[Task requirements] Extract all lines that hold "fixes" from the records below.

[Stored data]
_ _ _ _
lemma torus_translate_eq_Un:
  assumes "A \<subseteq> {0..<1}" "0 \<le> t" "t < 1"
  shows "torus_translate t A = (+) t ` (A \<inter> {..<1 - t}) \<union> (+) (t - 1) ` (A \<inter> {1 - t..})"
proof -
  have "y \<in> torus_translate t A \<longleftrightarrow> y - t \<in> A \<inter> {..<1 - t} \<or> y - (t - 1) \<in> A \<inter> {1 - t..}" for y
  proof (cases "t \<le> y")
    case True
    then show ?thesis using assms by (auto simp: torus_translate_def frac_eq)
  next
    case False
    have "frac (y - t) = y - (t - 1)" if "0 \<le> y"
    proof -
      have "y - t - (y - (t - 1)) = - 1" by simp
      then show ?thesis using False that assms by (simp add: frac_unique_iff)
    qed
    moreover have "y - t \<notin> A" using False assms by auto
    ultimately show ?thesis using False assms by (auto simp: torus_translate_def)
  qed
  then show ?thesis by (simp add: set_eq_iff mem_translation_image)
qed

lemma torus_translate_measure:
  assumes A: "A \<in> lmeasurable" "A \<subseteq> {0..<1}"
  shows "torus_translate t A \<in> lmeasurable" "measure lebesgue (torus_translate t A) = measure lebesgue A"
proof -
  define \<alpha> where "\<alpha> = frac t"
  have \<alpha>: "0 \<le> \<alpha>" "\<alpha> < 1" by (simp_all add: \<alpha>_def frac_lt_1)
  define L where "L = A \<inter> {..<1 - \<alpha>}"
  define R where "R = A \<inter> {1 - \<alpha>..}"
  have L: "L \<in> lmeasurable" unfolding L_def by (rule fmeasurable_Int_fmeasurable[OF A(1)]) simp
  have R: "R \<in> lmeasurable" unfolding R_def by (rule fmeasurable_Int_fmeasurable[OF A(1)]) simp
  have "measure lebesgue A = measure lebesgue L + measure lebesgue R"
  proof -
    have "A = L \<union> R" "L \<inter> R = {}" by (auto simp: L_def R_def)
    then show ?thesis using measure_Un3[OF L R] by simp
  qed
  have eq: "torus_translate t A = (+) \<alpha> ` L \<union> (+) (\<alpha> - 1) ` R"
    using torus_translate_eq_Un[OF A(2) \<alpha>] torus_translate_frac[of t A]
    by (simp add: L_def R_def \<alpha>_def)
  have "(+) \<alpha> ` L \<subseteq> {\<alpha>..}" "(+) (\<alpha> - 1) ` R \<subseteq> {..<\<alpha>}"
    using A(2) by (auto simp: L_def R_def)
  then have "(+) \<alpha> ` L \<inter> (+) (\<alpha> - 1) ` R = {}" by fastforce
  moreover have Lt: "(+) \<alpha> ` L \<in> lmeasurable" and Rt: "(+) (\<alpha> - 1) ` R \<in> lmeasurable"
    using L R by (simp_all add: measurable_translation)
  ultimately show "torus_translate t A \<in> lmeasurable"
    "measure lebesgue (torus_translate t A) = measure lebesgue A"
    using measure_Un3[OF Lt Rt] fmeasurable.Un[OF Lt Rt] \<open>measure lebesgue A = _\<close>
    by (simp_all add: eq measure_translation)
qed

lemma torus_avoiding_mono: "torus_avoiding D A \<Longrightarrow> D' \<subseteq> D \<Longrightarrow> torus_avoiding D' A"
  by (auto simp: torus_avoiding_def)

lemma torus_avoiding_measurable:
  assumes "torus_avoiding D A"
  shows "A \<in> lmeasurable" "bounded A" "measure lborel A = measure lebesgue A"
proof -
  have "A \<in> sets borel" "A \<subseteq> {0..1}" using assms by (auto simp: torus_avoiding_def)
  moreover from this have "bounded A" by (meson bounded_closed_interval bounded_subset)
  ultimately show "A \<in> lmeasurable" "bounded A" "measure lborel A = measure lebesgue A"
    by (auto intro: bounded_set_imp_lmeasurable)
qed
_ _ _ _
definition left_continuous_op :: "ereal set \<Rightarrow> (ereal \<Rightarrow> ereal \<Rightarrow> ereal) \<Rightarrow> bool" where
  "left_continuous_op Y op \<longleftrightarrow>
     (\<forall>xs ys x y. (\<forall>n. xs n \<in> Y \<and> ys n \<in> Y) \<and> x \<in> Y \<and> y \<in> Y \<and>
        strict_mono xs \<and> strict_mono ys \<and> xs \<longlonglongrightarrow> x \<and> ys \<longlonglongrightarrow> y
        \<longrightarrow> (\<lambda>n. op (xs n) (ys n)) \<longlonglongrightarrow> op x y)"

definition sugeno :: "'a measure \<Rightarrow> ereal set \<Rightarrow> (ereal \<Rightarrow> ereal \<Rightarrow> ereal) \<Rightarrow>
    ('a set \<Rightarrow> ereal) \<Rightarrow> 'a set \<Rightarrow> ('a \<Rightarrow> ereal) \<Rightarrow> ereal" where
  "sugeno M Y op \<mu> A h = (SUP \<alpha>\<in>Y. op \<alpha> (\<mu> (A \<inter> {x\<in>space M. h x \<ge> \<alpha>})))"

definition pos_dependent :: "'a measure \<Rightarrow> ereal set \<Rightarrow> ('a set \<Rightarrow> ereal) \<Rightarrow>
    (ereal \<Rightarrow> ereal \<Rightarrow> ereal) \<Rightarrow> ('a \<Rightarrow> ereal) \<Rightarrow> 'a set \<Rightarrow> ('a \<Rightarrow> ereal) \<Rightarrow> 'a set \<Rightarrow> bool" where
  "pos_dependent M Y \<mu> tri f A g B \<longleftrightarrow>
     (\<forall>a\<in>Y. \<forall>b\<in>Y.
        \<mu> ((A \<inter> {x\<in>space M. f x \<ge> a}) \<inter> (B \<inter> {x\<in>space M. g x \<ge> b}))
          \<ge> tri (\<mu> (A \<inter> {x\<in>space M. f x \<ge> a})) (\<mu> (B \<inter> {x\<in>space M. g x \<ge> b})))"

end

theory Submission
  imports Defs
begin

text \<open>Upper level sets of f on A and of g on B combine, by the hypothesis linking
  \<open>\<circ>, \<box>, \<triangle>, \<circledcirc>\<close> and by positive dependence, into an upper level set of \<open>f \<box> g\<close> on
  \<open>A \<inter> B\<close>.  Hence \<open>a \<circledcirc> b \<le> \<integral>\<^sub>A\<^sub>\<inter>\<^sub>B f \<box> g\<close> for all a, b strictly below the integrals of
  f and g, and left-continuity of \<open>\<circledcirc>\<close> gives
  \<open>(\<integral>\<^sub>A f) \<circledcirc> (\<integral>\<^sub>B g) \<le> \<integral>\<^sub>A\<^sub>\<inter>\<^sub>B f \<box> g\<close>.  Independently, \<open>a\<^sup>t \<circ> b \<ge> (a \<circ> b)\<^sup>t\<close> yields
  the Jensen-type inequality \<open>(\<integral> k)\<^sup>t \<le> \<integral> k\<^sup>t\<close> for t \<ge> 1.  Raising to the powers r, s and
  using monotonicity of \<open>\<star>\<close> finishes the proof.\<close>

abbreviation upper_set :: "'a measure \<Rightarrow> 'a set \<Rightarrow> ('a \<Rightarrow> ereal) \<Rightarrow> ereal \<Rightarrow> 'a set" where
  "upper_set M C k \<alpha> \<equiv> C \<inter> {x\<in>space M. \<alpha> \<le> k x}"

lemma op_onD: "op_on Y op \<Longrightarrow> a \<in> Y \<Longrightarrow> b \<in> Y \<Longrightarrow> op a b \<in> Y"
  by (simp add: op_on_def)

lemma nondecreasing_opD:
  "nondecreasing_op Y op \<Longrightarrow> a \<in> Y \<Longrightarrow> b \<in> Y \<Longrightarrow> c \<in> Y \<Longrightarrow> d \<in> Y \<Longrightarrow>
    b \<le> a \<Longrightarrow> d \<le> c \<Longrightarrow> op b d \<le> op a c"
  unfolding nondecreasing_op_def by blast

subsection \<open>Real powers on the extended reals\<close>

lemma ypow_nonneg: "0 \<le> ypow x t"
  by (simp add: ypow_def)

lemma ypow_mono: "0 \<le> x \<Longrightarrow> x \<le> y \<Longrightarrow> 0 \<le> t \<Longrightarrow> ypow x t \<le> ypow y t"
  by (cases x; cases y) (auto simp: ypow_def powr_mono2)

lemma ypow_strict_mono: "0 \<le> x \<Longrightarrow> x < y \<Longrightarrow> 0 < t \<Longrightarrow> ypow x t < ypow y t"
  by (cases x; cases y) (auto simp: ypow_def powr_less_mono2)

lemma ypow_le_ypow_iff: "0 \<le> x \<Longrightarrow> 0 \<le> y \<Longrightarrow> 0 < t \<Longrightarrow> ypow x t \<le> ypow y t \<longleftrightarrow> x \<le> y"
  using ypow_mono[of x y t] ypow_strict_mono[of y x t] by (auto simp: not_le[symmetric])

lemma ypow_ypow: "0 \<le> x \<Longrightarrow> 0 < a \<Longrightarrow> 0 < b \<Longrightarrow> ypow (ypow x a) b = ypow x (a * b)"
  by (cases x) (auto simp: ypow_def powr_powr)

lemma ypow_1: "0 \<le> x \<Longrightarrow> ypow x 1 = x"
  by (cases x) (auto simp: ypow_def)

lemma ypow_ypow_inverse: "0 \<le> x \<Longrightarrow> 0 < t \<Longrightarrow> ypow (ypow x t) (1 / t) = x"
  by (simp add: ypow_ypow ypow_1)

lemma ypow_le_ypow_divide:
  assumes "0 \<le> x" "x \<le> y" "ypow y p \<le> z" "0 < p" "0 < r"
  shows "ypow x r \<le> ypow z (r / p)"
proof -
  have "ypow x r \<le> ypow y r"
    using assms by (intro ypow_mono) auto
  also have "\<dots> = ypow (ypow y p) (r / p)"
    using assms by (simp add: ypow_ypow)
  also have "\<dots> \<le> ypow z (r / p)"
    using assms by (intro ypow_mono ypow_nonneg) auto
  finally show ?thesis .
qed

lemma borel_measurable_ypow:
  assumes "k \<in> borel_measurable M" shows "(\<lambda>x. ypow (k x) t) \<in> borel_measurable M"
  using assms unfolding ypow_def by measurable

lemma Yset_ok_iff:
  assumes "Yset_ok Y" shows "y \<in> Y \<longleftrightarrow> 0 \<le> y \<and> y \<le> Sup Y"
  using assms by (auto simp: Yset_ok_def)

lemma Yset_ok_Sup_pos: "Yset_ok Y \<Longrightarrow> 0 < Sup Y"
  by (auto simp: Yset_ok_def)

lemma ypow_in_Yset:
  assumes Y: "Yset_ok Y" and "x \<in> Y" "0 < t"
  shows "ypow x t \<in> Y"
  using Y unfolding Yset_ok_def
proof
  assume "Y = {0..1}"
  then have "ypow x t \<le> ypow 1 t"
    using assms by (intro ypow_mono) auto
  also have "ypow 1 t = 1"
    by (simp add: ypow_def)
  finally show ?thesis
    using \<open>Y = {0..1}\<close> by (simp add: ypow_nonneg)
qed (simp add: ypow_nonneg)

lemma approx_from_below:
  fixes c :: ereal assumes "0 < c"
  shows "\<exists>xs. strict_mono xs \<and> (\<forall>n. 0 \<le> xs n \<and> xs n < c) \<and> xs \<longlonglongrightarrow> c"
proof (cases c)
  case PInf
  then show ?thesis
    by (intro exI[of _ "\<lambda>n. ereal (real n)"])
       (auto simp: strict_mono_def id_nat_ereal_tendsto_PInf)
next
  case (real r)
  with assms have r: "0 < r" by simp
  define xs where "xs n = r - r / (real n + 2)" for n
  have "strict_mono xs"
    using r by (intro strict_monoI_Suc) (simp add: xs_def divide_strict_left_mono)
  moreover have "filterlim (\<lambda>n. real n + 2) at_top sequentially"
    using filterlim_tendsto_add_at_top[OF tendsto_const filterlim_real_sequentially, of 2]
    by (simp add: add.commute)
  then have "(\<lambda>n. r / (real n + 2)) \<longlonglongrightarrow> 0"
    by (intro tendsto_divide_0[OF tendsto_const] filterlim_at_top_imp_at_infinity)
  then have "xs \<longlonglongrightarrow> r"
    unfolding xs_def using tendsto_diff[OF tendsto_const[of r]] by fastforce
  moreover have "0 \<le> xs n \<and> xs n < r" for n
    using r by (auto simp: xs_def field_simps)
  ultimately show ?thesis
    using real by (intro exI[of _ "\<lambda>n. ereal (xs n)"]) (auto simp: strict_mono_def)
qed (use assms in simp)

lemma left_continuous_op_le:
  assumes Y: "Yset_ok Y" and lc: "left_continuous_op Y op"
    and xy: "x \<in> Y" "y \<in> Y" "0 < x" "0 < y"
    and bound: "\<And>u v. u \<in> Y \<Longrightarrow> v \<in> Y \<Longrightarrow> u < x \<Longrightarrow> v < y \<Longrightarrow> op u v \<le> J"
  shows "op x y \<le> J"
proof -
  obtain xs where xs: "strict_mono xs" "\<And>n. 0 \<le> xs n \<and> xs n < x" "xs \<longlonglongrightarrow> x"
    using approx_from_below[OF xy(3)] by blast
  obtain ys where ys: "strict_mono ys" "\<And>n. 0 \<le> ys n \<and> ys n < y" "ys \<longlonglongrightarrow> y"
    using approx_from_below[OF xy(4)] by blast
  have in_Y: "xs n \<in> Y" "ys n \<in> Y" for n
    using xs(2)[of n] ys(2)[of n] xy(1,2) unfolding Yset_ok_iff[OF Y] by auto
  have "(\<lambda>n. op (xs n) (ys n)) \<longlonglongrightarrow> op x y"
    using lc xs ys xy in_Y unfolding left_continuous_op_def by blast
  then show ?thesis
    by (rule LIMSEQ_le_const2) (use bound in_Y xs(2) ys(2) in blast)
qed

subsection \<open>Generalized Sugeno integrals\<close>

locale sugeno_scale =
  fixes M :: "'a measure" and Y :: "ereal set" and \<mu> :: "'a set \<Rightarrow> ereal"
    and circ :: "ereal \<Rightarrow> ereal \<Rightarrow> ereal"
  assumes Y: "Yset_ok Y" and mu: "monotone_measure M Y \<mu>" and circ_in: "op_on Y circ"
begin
_ _ _ _
[Solved problem]
  fixes c :: ereal assumes "0 < c"
  fixes M :: "'a measure" and Y :: "ereal set" and \<mu> :: "'a set \<Rightarrow> ereal"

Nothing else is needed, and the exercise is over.